(Excerpts from a dataset)
□ □ □ □ □ □ □

definition normal_family :: "complex set \<Rightarrow> (nat \<Rightarrow> complex \<Rightarrow> complex) \<Rightarrow> bool" where
  "normal_family U fs \<longleftrightarrow>
     (\<forall>r::nat \<Rightarrow> nat. \<exists>s. strict_mono s \<and>
        ((\<exists>h. \<forall>K. compact K \<and> K \<subseteq> U \<longrightarrow> uniform_limit K (\<lambda>k. fs (r (s k))) h sequentially)
         \<or> (\<forall>K. compact K \<and> K \<subseteq> U \<longrightarrow>
              (\<forall>M::real. eventually (\<lambda>k. \<forall>w\<in>K. M < norm (fs (r (s k)) w)) sequentially))))"

definition fatou_set :: "(complex \<Rightarrow> complex option) \<Rightarrow> complex set" where
  "fatou_set F = {z. \<exists>U. open U \<and> z \<in> U \<and> (\<forall>n. \<forall>w\<in>U. iter F n w \<noteq> None)
                     \<and> normal_family U (\<lambda>n w. the (iter F n w))}"

definition immediate_basin :: "(complex \<Rightarrow> complex option) \<Rightarrow> complex \<Rightarrow> complex set" where
  "immediate_basin F z0 = connected_component_set (fatou_set F) z0"

definition attracted_by_cycle :: "(complex \<Rightarrow> complex option) \<Rightarrow> complex \<Rightarrow> bool" where
  "attracted_by_cycle F z \<longleftrightarrow>
     (\<exists>xi k. k \<ge> 1 \<and> iter F k xi = Some xi \<and> (\<forall>n. iter F n z \<noteq> None) \<and>
        (\<lambda>n. the (iter F (n * k) z)) \<longlonglongrightarrow> xi)"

□ □ □ □ □ □ □

**Aim of the task**
Copy out the lines of the records above in which the string "complex" appears.

**Task output**
definition normal_family :: "complex set \<Rightarrow> (nat \<Rightarrow> complex \<Rightarrow> complex) \<Rightarrow> bool" where
definition fatou_set :: "(complex \<Rightarrow> complex option) \<Rightarrow> complex set" where
definition immediate_basin :: "(complex \<Rightarrow> complex option) \<Rightarrow> complex \<Rightarrow> complex set" where
definition attracted_by_cycle :: "(complex \<Rightarrow> complex option) \<Rightarrow> complex \<Rightarrow> bool" where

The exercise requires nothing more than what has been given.